◆ TASK ITEM
Look through the entries below and extract exactly the lines from the one containing "Since P is real, replacing" through the one containing "P(w) \<mapsto> P(-w), i.e.", ends included.

··· STUDY MATERIAL ···

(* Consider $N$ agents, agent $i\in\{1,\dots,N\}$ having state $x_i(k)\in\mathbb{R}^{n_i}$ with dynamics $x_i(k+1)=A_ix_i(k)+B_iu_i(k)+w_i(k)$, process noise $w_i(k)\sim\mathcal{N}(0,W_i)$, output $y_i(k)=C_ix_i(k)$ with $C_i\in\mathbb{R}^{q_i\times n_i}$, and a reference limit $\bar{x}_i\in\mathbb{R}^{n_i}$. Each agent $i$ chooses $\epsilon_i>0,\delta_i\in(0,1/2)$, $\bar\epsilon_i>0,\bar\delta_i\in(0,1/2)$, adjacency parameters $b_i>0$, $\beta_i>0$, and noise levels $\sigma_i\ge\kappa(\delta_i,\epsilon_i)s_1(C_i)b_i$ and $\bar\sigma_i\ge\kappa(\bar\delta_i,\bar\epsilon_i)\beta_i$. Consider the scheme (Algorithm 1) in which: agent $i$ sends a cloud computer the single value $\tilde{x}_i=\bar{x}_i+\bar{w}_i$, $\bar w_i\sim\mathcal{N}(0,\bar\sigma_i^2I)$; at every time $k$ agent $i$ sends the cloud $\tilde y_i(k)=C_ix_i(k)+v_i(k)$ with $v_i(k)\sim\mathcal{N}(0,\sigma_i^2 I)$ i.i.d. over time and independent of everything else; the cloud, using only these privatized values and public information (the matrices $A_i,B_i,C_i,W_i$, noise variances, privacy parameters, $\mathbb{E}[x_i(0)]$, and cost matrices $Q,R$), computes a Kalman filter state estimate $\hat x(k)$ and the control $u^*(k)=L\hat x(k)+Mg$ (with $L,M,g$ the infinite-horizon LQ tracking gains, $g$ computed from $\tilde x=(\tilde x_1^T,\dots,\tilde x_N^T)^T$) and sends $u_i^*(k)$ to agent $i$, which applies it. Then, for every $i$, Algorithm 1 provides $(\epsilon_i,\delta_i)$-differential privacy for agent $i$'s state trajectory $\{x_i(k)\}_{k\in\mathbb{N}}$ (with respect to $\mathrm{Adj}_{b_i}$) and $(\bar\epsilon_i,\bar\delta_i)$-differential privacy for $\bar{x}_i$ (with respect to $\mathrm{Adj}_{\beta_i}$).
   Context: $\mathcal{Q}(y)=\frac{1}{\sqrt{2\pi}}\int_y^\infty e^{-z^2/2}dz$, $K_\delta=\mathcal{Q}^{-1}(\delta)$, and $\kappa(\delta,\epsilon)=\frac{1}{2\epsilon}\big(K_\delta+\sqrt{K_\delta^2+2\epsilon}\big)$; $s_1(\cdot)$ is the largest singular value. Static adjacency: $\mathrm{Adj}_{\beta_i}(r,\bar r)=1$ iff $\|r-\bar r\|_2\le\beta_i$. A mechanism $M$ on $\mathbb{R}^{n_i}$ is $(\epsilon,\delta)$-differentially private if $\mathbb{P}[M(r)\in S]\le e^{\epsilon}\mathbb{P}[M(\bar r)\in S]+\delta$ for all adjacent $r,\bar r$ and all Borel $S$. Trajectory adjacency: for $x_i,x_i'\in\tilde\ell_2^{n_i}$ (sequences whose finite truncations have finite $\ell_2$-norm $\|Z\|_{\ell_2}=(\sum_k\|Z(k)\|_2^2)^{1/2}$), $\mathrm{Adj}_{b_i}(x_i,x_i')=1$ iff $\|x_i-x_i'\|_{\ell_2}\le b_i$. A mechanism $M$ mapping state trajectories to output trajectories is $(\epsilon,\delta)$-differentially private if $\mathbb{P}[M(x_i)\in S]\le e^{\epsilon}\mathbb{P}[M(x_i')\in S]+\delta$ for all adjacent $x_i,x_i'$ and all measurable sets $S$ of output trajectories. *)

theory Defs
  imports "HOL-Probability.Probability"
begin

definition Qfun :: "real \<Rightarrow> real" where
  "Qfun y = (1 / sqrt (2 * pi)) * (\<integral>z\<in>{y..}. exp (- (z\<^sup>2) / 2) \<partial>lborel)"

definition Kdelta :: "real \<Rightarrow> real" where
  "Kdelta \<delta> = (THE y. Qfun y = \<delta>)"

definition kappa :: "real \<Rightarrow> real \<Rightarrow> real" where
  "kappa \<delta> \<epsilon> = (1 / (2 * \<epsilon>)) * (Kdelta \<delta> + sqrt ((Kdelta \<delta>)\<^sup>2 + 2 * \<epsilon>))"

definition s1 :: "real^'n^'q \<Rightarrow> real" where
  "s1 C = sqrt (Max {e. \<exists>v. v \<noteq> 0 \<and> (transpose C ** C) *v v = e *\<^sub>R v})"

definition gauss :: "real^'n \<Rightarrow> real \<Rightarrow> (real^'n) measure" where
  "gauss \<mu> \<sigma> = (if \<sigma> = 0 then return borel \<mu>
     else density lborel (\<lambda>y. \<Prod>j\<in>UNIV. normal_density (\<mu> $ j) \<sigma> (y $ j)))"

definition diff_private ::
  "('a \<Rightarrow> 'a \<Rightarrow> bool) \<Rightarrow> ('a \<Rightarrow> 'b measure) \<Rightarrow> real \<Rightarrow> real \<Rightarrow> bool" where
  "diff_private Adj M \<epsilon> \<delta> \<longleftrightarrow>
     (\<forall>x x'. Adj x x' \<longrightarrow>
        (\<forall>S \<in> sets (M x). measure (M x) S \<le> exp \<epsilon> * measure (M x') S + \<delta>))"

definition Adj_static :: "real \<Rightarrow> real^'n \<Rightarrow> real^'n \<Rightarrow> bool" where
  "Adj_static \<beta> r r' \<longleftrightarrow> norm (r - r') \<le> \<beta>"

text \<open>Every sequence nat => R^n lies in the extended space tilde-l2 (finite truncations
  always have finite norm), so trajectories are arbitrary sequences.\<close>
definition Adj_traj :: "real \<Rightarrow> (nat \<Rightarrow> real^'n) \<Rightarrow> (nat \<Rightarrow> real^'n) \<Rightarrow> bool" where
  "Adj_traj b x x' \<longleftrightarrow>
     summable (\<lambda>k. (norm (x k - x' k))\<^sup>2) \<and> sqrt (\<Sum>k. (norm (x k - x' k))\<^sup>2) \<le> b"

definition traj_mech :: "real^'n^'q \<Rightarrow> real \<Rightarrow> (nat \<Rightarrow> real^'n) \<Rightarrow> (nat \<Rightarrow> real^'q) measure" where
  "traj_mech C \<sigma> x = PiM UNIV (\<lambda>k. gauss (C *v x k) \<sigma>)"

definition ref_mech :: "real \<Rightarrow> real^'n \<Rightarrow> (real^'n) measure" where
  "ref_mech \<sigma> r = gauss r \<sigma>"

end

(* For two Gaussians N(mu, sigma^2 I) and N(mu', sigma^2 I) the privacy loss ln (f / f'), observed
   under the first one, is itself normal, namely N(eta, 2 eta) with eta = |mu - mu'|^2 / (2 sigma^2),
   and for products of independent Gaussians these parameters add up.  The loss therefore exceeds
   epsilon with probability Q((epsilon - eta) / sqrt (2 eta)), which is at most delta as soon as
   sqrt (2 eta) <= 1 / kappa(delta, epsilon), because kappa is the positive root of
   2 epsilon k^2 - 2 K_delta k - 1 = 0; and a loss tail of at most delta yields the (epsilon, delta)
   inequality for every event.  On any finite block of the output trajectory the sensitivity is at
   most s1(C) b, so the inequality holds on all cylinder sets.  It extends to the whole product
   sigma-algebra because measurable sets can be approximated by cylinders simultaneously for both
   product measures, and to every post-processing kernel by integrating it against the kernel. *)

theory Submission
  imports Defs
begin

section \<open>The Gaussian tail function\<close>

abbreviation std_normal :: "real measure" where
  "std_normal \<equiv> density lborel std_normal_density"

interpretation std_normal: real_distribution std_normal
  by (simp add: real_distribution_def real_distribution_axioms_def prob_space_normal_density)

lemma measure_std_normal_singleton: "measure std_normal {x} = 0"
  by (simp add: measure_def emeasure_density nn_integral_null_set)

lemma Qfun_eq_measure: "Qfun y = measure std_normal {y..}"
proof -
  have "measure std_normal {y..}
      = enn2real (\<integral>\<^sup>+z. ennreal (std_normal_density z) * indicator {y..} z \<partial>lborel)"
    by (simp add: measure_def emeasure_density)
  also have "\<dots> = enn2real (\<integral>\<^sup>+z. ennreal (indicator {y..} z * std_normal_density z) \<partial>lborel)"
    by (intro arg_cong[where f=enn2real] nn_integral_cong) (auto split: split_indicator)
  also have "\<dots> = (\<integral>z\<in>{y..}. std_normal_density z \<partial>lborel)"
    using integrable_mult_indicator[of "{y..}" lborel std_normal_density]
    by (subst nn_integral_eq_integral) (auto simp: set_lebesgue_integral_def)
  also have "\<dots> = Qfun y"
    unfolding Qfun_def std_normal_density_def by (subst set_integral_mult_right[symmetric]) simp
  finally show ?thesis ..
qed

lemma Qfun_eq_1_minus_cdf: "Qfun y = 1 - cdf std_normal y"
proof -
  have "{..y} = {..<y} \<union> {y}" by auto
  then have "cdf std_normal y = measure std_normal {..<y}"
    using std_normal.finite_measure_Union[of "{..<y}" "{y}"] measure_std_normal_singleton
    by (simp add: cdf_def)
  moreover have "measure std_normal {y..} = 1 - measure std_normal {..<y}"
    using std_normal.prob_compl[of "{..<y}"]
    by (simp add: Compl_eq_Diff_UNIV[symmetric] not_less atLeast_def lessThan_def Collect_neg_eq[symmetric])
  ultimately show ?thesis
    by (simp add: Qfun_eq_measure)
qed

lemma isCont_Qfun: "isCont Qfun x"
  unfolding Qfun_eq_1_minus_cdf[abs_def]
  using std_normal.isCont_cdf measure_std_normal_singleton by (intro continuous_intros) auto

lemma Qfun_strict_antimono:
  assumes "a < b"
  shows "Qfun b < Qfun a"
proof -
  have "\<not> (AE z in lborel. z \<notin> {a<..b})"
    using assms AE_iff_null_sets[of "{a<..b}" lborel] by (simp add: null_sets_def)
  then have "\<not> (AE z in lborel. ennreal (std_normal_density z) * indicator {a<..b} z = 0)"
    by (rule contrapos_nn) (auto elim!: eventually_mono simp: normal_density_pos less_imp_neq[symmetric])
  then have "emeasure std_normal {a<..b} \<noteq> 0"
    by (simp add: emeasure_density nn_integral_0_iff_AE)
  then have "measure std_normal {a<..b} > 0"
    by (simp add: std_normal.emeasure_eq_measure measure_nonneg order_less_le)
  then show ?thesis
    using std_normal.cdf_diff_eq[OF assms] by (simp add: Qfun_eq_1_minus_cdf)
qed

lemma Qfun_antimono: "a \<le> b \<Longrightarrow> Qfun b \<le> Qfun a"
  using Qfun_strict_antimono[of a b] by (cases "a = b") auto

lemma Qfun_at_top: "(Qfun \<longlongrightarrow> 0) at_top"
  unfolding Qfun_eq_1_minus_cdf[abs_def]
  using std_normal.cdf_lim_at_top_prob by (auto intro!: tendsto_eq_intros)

···
··· STUDY MATERIAL ···

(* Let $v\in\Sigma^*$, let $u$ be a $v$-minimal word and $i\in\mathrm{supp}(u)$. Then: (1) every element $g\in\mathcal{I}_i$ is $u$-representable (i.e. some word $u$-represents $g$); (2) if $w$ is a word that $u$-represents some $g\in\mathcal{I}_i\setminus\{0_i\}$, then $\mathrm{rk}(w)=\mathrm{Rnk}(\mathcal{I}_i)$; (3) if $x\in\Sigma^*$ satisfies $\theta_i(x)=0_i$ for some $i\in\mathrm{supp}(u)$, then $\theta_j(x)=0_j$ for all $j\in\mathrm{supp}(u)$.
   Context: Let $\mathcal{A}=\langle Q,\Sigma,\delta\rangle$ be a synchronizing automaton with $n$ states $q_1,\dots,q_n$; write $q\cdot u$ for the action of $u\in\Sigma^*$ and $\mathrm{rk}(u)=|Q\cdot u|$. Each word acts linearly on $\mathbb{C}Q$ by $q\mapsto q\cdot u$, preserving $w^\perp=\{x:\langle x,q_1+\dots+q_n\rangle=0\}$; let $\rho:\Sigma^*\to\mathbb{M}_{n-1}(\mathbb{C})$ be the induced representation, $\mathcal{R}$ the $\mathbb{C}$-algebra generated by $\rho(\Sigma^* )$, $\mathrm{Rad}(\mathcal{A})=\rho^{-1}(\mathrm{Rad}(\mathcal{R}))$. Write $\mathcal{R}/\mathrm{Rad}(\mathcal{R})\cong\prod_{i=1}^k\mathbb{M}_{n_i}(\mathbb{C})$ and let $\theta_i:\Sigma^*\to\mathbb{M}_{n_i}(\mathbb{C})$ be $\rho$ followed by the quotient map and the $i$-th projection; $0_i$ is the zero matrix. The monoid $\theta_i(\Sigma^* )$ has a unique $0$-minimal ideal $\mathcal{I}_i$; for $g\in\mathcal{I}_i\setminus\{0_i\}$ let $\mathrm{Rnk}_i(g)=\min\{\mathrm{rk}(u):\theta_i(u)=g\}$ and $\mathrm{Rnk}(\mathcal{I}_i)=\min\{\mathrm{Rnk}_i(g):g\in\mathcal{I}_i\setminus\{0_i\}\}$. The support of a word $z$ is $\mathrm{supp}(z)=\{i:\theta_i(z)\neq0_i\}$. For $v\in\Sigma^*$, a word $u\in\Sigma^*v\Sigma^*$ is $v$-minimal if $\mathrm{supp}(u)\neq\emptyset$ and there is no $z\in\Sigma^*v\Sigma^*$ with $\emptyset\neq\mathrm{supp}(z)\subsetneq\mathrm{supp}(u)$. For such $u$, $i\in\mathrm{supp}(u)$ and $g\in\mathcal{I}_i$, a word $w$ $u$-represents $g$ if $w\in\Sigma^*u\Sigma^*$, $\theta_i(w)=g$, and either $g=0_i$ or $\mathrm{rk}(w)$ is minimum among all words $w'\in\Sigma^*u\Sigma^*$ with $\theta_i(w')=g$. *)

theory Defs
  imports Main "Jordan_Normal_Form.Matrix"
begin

···
··· STUDY MATERIAL ···

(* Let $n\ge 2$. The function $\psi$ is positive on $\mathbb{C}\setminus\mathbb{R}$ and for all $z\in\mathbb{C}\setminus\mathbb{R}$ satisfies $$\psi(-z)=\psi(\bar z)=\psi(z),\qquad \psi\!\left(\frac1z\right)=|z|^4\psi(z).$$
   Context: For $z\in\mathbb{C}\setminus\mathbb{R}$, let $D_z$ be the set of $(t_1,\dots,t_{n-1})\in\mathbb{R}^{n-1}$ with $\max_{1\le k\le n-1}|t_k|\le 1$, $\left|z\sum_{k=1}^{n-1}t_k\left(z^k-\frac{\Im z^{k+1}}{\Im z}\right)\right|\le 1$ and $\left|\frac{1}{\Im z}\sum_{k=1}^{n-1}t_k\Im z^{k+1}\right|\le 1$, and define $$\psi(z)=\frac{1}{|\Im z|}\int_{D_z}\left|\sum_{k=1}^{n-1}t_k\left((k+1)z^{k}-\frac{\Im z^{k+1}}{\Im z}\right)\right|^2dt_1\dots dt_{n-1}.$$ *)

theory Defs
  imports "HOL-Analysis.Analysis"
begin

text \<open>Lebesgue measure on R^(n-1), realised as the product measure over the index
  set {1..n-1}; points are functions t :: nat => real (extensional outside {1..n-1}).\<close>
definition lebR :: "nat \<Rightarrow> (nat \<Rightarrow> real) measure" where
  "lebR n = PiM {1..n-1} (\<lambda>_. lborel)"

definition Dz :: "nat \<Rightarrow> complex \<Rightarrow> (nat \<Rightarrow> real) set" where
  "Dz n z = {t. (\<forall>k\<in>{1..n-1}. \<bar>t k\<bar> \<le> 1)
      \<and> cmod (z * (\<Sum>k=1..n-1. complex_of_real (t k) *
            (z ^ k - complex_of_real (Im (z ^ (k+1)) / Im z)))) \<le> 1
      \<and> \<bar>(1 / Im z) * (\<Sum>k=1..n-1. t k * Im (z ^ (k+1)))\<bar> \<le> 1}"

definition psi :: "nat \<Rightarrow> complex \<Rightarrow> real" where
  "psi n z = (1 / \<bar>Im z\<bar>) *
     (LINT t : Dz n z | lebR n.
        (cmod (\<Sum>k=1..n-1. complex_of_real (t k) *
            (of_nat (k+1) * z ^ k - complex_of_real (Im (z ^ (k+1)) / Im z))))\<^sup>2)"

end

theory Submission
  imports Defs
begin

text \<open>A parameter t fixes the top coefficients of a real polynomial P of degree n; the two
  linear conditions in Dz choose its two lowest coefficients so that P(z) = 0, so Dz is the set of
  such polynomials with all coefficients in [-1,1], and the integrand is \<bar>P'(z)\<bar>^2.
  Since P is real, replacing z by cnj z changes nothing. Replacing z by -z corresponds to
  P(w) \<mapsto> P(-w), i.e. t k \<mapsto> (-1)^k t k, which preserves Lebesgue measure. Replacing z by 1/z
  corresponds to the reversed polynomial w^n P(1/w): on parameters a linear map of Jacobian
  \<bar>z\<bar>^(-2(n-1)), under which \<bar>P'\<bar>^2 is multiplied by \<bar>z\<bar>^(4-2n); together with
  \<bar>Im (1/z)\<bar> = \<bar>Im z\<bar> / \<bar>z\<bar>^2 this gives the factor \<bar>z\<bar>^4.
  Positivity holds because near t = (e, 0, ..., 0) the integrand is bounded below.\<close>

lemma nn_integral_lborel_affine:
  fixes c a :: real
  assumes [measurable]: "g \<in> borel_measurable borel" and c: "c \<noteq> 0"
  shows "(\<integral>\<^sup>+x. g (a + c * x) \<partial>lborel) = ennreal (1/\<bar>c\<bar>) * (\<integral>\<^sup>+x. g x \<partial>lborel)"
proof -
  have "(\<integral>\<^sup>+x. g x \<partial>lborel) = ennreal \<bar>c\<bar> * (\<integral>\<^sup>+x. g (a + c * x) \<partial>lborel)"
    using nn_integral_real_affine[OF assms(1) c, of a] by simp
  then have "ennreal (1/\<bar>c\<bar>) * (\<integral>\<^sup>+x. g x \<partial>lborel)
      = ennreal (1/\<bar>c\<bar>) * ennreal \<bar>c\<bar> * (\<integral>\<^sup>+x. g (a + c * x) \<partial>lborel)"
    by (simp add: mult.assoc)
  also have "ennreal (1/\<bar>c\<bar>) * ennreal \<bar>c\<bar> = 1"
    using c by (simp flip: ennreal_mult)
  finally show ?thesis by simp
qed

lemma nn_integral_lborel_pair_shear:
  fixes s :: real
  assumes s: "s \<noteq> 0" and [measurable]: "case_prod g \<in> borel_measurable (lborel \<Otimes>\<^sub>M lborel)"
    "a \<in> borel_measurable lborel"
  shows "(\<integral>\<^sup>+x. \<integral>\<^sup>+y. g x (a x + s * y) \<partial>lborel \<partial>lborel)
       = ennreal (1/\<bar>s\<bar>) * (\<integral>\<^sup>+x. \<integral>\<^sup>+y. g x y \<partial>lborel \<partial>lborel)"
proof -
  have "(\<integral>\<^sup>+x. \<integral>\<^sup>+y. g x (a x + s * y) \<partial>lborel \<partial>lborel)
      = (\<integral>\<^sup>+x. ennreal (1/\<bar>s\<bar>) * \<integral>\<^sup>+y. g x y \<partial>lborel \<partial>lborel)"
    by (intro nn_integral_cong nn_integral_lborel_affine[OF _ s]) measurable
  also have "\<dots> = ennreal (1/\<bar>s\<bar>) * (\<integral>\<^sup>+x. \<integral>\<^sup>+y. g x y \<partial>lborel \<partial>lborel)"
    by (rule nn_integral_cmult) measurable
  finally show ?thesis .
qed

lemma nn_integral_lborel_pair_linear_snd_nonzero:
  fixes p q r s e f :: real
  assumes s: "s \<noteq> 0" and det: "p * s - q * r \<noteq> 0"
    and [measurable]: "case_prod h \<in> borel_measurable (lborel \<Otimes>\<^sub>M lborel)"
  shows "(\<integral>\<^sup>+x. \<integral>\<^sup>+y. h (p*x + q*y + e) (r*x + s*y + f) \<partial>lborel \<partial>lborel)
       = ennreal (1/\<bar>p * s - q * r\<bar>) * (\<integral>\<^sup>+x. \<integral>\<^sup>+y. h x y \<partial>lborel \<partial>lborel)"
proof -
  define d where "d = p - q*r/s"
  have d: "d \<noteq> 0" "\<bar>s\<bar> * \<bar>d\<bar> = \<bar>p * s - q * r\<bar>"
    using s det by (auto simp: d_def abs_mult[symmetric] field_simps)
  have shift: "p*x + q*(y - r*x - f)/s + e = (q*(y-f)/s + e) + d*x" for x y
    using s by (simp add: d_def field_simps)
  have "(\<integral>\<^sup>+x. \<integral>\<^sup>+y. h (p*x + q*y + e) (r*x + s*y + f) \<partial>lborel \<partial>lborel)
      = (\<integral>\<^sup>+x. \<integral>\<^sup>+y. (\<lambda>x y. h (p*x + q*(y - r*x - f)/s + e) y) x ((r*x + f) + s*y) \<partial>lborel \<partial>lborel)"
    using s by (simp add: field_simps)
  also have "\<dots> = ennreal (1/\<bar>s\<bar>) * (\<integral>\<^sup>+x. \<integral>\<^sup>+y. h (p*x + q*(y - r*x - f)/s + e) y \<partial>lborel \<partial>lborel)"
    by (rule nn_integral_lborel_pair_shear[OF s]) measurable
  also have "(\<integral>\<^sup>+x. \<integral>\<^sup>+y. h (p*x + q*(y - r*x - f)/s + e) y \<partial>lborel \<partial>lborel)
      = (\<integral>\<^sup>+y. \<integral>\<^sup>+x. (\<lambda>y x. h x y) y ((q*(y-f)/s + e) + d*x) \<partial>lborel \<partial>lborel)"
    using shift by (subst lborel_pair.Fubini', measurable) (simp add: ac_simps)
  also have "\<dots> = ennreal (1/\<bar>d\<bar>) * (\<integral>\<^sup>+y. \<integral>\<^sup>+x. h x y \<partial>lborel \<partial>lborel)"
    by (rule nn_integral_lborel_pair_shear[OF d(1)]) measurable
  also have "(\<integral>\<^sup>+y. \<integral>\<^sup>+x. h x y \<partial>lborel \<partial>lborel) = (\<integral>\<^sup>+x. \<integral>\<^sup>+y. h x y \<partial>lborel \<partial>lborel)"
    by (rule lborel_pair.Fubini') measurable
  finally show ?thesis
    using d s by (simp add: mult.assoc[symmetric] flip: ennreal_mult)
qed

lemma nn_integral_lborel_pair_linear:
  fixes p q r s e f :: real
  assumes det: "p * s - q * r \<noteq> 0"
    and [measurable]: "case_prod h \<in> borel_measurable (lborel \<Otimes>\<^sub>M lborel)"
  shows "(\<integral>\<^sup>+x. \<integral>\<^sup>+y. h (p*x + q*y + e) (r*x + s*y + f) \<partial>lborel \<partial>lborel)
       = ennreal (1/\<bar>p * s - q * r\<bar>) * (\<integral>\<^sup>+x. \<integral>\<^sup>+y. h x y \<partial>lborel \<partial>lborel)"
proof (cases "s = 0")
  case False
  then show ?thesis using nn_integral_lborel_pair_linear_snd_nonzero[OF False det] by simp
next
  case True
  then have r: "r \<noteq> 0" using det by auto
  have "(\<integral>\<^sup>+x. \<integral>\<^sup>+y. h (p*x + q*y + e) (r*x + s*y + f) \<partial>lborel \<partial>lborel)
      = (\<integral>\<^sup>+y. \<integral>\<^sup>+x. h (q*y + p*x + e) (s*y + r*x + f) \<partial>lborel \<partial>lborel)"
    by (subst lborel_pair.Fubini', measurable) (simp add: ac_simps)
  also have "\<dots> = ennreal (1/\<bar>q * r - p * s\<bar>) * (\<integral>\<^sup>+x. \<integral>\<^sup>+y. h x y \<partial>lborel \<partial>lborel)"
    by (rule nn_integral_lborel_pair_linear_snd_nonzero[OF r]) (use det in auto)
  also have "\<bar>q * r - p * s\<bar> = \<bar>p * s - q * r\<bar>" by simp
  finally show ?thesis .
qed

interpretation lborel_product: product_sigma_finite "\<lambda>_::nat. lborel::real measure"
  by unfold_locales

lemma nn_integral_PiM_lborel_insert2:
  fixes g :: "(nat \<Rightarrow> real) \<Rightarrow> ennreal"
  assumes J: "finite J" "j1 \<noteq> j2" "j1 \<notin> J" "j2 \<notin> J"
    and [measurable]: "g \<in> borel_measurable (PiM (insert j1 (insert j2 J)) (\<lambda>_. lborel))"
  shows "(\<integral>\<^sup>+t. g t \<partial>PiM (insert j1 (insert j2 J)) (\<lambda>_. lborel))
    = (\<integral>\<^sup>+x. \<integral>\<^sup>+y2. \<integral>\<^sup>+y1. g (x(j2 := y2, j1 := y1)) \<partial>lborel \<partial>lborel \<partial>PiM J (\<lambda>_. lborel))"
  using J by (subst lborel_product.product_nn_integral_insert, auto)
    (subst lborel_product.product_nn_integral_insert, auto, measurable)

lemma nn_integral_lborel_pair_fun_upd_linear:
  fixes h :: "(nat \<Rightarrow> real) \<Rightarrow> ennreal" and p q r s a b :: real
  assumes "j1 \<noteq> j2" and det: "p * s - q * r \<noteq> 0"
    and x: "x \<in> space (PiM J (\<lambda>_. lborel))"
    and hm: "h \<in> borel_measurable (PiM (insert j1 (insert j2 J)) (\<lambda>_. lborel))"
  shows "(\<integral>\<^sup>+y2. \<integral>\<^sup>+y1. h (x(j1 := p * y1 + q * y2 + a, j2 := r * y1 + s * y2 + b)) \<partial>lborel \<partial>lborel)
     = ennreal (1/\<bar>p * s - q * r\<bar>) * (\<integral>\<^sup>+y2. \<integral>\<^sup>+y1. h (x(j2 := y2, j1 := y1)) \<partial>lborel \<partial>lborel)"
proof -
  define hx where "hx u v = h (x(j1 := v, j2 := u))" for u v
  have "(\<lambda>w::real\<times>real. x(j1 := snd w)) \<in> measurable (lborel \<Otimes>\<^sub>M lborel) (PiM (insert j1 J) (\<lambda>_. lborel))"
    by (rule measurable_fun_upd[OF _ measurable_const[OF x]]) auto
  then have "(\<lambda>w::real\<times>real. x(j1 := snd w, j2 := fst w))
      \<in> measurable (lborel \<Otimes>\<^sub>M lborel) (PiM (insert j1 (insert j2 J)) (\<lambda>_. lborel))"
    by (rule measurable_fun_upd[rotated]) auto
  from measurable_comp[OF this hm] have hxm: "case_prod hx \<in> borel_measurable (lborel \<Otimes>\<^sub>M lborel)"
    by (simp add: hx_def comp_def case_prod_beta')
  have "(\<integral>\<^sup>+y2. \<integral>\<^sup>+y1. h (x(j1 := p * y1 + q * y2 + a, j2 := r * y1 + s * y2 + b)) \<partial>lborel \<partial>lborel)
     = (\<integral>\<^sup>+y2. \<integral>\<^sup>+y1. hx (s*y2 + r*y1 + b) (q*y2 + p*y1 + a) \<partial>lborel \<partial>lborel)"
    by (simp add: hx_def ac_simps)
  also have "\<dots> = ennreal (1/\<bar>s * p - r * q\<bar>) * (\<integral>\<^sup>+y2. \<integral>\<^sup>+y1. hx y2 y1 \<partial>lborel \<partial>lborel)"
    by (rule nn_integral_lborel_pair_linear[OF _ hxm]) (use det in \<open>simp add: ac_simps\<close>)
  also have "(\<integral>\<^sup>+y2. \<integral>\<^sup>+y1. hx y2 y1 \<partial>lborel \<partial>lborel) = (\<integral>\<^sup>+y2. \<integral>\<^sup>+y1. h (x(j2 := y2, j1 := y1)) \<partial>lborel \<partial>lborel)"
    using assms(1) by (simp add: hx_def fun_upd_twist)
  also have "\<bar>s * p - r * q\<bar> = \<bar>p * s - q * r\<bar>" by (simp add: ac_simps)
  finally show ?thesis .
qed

···

◆ ANSWER TO THE PROBLEM
  Since P is real, replacing z by cnj z changes nothing. Replacing z by -z corresponds to
  P(w) \<mapsto> P(-w), i.e. t k \<mapsto> (-1)^k t k, which preserves Lebesgue measure. Replacing z by 1/z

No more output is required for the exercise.